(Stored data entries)
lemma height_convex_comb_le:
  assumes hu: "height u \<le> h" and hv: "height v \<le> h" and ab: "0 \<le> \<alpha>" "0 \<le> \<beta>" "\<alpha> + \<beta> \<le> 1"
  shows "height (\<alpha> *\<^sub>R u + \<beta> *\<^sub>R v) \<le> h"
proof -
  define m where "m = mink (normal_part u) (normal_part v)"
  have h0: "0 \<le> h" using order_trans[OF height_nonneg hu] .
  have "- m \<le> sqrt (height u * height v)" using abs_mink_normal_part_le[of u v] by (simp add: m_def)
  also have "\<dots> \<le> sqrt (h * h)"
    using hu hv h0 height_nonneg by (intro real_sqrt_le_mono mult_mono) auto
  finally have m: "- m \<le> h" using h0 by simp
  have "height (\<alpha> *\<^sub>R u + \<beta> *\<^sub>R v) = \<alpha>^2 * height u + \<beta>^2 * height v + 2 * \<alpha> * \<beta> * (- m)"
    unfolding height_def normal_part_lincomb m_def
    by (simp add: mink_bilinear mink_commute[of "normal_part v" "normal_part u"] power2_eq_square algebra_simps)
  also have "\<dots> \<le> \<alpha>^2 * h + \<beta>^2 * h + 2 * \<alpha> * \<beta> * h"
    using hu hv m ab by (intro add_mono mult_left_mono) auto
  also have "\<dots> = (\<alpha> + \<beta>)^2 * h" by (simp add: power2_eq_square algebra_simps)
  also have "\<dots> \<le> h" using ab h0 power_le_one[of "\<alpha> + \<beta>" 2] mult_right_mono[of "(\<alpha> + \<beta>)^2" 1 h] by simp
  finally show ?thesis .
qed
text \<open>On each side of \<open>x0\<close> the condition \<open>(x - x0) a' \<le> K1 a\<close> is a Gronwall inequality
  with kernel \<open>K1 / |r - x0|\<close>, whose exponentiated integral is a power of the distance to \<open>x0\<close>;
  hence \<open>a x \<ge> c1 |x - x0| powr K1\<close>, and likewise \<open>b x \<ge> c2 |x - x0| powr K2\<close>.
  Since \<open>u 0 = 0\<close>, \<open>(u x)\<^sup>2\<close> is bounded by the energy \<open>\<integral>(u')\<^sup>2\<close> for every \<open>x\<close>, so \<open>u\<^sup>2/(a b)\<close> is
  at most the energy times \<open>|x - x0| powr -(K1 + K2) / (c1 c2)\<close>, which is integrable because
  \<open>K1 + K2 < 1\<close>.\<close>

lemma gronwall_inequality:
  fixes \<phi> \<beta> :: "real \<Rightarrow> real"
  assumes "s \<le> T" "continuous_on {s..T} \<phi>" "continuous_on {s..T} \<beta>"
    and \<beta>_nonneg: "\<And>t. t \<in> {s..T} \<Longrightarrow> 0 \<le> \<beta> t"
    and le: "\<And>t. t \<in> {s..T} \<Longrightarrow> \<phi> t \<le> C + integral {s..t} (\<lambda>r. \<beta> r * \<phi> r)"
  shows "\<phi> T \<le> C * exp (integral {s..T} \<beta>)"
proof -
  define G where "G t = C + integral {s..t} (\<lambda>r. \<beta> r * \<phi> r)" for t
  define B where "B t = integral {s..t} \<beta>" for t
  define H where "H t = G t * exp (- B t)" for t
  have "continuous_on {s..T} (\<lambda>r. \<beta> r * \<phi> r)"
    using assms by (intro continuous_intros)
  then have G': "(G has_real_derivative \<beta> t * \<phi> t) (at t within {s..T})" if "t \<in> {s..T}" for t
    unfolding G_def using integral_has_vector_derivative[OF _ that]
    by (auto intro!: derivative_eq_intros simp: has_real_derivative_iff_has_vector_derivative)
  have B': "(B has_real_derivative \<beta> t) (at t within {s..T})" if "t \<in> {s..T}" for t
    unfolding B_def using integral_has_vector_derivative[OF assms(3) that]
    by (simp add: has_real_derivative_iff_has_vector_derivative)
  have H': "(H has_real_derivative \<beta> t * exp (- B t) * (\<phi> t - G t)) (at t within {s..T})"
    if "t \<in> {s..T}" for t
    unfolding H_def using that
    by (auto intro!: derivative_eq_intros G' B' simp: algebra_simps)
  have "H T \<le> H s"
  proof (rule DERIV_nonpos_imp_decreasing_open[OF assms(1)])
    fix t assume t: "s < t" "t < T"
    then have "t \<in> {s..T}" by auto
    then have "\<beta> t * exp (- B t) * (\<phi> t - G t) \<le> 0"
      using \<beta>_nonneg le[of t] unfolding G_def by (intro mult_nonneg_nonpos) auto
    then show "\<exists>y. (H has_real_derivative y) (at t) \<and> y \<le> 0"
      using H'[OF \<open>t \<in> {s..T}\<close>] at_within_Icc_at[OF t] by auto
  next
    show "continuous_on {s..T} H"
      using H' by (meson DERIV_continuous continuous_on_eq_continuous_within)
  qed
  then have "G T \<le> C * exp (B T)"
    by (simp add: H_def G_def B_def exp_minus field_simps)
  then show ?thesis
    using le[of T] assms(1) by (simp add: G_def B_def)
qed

==

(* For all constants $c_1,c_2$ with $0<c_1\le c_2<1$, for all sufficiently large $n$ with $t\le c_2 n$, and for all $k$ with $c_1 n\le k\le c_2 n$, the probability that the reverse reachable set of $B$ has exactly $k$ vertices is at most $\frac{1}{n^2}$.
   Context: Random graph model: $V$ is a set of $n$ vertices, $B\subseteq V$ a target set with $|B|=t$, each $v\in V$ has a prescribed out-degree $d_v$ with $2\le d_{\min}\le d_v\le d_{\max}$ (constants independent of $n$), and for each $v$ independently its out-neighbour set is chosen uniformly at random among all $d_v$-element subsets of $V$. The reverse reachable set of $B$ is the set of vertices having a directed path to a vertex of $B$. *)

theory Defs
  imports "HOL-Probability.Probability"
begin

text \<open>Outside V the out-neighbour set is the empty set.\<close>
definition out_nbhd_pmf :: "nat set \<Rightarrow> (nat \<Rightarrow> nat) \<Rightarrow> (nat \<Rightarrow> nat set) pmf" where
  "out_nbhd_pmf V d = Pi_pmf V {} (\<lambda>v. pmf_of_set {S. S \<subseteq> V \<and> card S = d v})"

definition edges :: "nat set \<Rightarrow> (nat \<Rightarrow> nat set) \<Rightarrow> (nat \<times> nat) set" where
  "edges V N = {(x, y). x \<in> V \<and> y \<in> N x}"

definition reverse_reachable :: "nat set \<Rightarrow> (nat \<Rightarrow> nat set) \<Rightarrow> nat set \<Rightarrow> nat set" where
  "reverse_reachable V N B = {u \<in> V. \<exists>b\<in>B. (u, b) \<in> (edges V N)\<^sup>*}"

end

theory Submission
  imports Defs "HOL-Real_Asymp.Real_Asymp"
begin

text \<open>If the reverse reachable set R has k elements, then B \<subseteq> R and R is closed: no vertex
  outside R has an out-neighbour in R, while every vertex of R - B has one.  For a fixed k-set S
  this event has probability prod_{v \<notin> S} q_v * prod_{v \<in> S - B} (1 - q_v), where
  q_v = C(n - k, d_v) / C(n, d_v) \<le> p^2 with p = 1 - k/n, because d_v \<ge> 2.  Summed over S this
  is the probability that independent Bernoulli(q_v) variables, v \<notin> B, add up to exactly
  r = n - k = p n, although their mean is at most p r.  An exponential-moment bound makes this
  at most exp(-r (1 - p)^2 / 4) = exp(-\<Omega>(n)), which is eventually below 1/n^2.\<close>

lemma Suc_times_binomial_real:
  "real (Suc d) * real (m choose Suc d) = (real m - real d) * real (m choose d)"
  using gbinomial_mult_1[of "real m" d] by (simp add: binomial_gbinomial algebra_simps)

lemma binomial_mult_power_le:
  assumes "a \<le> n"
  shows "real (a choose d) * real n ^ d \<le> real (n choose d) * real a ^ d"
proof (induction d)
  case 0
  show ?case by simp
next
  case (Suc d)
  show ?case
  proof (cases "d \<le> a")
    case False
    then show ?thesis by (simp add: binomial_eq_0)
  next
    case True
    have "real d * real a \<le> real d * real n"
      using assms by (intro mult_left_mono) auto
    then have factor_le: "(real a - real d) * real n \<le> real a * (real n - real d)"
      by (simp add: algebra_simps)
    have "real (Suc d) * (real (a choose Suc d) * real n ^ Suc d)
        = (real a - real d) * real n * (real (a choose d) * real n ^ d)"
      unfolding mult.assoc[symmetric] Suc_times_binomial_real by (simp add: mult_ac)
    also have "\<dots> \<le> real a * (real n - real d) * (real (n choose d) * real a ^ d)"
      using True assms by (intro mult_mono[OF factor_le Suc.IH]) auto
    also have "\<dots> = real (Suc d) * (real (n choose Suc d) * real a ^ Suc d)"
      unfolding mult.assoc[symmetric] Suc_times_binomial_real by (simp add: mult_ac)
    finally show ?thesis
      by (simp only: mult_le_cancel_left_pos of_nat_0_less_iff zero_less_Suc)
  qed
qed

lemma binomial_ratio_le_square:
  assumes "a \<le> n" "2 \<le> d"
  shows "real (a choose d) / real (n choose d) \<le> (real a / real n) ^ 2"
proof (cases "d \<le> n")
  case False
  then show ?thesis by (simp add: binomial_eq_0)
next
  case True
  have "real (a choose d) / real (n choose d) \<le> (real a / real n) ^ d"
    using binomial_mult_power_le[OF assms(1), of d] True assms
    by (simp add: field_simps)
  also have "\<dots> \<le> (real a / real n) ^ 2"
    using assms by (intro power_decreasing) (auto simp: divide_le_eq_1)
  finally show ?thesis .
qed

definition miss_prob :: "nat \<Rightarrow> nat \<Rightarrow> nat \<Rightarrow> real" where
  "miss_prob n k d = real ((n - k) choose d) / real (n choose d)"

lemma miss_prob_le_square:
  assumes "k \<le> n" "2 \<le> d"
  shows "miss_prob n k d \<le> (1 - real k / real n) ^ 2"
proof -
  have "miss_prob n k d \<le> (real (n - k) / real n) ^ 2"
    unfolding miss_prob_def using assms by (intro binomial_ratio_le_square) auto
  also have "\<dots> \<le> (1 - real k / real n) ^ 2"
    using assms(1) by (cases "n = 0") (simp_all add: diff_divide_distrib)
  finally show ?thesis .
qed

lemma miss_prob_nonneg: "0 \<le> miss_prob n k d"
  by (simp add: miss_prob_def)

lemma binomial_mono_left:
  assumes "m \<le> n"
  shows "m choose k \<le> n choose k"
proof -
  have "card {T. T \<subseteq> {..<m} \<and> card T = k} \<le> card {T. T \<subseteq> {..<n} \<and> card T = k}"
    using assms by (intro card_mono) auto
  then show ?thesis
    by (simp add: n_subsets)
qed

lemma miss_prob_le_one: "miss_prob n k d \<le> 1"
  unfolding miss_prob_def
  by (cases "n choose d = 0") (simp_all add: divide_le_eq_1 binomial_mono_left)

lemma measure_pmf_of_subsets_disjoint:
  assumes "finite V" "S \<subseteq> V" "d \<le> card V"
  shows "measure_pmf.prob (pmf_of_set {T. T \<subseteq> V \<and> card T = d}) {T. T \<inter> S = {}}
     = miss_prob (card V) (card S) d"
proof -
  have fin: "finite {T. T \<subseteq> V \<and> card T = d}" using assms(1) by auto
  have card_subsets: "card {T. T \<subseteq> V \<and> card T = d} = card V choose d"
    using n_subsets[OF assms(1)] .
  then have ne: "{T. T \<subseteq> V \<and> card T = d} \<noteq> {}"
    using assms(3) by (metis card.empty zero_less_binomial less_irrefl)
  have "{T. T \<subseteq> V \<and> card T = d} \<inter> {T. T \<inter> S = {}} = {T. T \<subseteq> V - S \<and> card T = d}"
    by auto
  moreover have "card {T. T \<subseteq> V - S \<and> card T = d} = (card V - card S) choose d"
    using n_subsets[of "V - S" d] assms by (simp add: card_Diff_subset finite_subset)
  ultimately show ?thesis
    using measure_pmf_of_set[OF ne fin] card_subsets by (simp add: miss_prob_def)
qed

### ASSIGNMENT
The lines to copy are those in the records above containing the word "that".

### SOLUTION FOR THIS EXERCISE
    unfolding G_def using integral_has_vector_derivative[OF _ that]
    unfolding B_def using integral_has_vector_derivative[OF assms(3) that]
    unfolding H_def using that
(* For all constants $c_1,c_2$ with $0<c_1\le c_2<1$, for all sufficiently large $n$ with $t\le c_2 n$, and for all $k$ with $c_1 n\le k\le c_2 n$, the probability that the reverse reachable set of $B$ has exactly $k$ vertices is at most $\frac{1}{n^2}$.
  is the probability that independent Bernoulli(q_v) variables, v \<notin> B, add up to exactly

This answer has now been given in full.